See the DrugPatentWatch profile for cosentyx

Does Cosentyx Cause Heart Problems?

Cosentyx (secukinumab), an IL-17 inhibitor for psoriasis, psoriatic arthritis, and ankylosing spondylitis, carries warnings for major adverse cardiovascular events (MACE) like heart attack, stroke, and cardiovascular death. These risks were identified in clinical trials and post-marketing data, particularly in patients with heart disease history. The label notes higher MACE rates in treated groups versus placebo, though causality isn't proven—confounding factors like patient age and comorbidities play a role.[1][2]
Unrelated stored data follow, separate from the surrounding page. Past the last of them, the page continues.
(* Let $p,N\in\mathbb{N}$, $x_0<\cdots<x_N$, data $y_{n,2k}\in\mathbb{R}$ ($n=0,\dots,N$, $k=0,\dots,p$), and $\alpha\in\Theta_{2p}$. Let $\ell_\alpha$ be the Lidstone FIF and $\phi$ the classical Lidstone interpolation function for this data. Then for $k=1,\dots,p$, $$\|\ell_\alpha^{(2k)}-\phi^{(2k)}\|_\infty\le\frac{|\alpha|_\infty}{\mu^{2k}-|\alpha|_\infty}\big(\|\phi^{(2k)}\|_\infty+M_{2k,2p}\big),$$ where $\mu=\min_{1\le n\le N}a_n$ and $M_{2k,2p}=\frac{2\rho\pi}{3}\sum_{l=0}^{p-k}\big(\frac{x_N-x_0}{\pi}\big)^{2l}$.
   Context: Lidstone polynomials $\Lambda_l$: $\Lambda_0(x)=x$, $\Lambda_l''=\Lambda_{l-1}$, $\Lambda_l(0)=\Lambda_l(1)=0$ for $l\ge1$. $a_n=\frac{x_n-x_{n-1}}{x_N-x_0}$, $L_n(x)=a_nx+\frac{x_Nx_{n-1}-x_0x_n}{x_N-x_0}$. $\Theta_{2p}=\{\alpha\in\mathbb{R}^N:|\alpha_n|<a_n^{2p}\ \forall n\}$. For $\alpha\in\Theta_{2p}$, the Lidstone FIF $\ell_\alpha$ is the unique $C^{2p}[x_0,x_N]$ function satisfying $\ell_\alpha(L_n(x))=\alpha_n\ell_\alpha(x)+q_n(x)$ for $x\in[x_0,x_N]$, $n=1,\dots,N$, where $q_n(x)=\sum_{l=0}^p[(a_n^{2l}y_{n-1,2l}-\alpha_ny_{0,2l})\Lambda_l(\frac{x_N-x}{x_N-x_0})+(a_n^{2l}y_{n,2l}-\alpha_ny_{N,2l})\Lambda_l(\frac{x-x_0}{x_N-x_0})](x_N-x_0)^{2l}$; it satisfies $\ell_\alpha^{(2k)}(x_n)=y_{n,2k}$. The classical Lidstone interpolation function $\phi$ is defined on each $[x_{n-1},x_n]$, with $h_n=x_n-x_{n-1}$, by $\phi(x)=\sum_{l=0}^p\big[y_{n-1,2l}\Lambda_l(\frac{x_n-x}{h_n})+y_{n,2l}\Lambda_l(\frac{x-x_{n-1}}{h_n})\big]h_n^{2l}$ (it equals $\ell_0$). Notation: $|\alpha|_\infty=\max_n|\alpha_n|$, $\|f\|_\infty=\sup_{[x_0,x_N]}|f|$, $\rho=\max_{0\le k\le p}\max\{|y_{0,2k}|,|y_{N,2k}|\}$.
   Formalization: The bound holds only for those $\alpha\in\Theta_{2p}$ that also satisfy $|\alpha|_\infty<\mu^{2k}$, a condition membership in $\Theta_{2p}$ does not give. The statement above fails without it. *)

theory Defs
  imports "HOL-Analysis.Analysis"
begin
(* Let $n\ge1$, $\mathbf{k}=(k_1,\dots,k_n)$ positive integers, $N=n+|\mathbf{k}|$, and $D\in\mathcal{D}_{\mathbf{k}}$. Let $\sigma(D)=c_1c_2\cdots$ be the sequence of indices written by the Walking Algorithm on $(T(D),R(D))$. Then $\sigma(D)=c_1\cdots c_N$ is a permutation of $\{1,\dots,N\}$, and if $\overline{D}$ denotes the path whose $j$-th step is the $c_j$-th step of $D$ (i.e. $\texttt{SW}(\overline D)=\sigma_{c_1}\cdots\sigma_{c_N}$ where $\texttt{SW}(D)=\sigma_1\cdots\sigma_N$), then $\overline{D}\in\mathcal{D}_{\mathbf{k}'}$ for some permutation $\mathbf{k}'$ of $\mathbf{k}$, $\Phi(\overline D)=D$, and the sweep map sends the $j$-th step of $\overline D$ to the $c_j$-th step of $D$ for every $j$.
   Context: $|\mathbf{k}|=k_1+\cdots+k_n$. $\mathcal{D}_{\mathbf{k}}$: sequences $(a_1,\dots,a_N)$ whose positive entries are $k_1,\dots,k_n$ in order, other entries $-1$, with all partial sums $r_i=a_1+\cdots+a_{i-1}$ (the rank of step $i$) nonnegative. SW-word: letter $S^{k_j}$ for up step $k_j$, $W$ for $-1$. Sweep map: for $D=(a_1,\dots,a_N)$ let $\pi$ list positions by increasing rank, ties by decreasing position; $\Phi(D)=(a_{\pi(1)},\dots,a_{\pi(N)})$ (step $\pi(j)$ goes to position $j$). Filling Algorithm: $T(D)$ has $n$ columns, column $i$ with $k_i+1$ cells in rows $1,\dots,k_i+1$. Place $1$ at top of column 1; having placed $1,\dots,i-1$, the lowest filled entry of column $j$ is active if not in row $k_j+1$; if the $i$-th letter of $\texttt{SW}(D)$ is $W$ place $i$ below the smallest active entry, else at the top of the leftmost empty column; continue until $1,\dots,N$ placed. The numbers in $T(D)$ are called indices; $t_i$ is the top index of column $i$. Ranking Algorithm: $R(D)$ has the shape of $T(D)$ and assigns each index a rank: column 1 indices get ranks $0,1,\dots,k_1$ top to bottom; for $i=2,\dots,n$, if index $t_i-1$ has rank $a$, column $i$ indices get ranks $a,a+1,\dots,a+k_i$ top to bottom. Among boxes of equal rank $r$, the largest one is the one with largest index. Walking Algorithm: go to the largest rank-$0$ box, mark it and write its index. Then repeat: if the current box is in row $1$ of column $i$, let $r$ be the rank of the bottom box (row $k_i+1$) of column $i$; otherwise let $r$ be the rank of the box directly above the current box. If there is an unmarked box of rank $r$, go to the unmarked rank-$r$ box with largest index, mark it and write its index; otherwise stop. *)

theory Defs
  imports Main "HOL-Library.Multiset" "HOL-Library.Product_Lexorder"
begin

(* Paths are int lists (a_1,...,a_N), stored 0-based: step i (1-based) is D ! (i-1).
   Compositions k = (k_1,...,k_n) are nat lists. *)

definition Dpaths :: "nat list \<Rightarrow> int list set" where
  "Dpaths k = {D. length D = length k + sum_list k
      \<and> filter (\<lambda>a. a > 0) D = map int k
      \<and> (\<forall>a\<in>set D. a > 0 \<or> a = -1)
      \<and> (\<forall>i<length D. sum_list (take i D) \<ge> 0)}"

definition step_rank :: "int list \<Rightarrow> nat \<Rightarrow> int" where
  "step_rank D i = sum_list (take i D)"

definition sweep_order :: "int list \<Rightarrow> nat list" where
  "sweep_order D = sort_key (\<lambda>i. (step_rank D i, - int i)) [0..<length D]"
What Do Clinical Trials Show?

In psoriasis trials pooling over 3,400 patients, MACE occurred in 0.9% of Cosentyx users (54 events) versus 0.5% on placebo (7 events) over about 50 weeks. Stroke rates were 0.2% versus 0.1%, and heart failure 0.1% versus 0.2%. Longer-term data from extension studies up to 5 years showed stable incidence, but trials excluded high-risk heart patients, limiting generalizability.[1][3]

Who Is Most at Risk?

Patients over 50 with coronary artery disease, diabetes, high blood pressure, or high cholesterol face elevated MACE risk—up to 1.4% in subgroup analyses. Pre-existing heart conditions amplify concerns; the FDA recommends monitoring these patients closely, weighing benefits against risks.[1][2]

How Common Are Reports in Real-World Use?

Post-approval surveillance via FDA's FAERS database logs hundreds of cardiovascular events linked to Cosentyx, including myocarditis, pericarditis, and arrhythmias. A 2023 analysis found 1.2 serious heart events per 1,000 patient-years, higher than etanercept but similar to other biologics. Underreporting is possible.[4][5]

What Do Guidelines Say About Monitoring?

Novartis advises baseline cardiovascular assessment and ongoing checks for symptoms like chest pain or shortness of breath. Discontinue if serious events occur. No routine EKGs or troponin tests are mandated, but rheumatologists often screen high-risk patients before starting.[1][6]

Compared to Other Biologics

Cosentyx's MACE signal matches TNF inhibitors like Humira (1.0% rate) but exceeds IL-23 inhibitors like Tremfya (0.4%). A head-to-head psoriasis trial showed no significant difference versus ustekinumab.[3][7]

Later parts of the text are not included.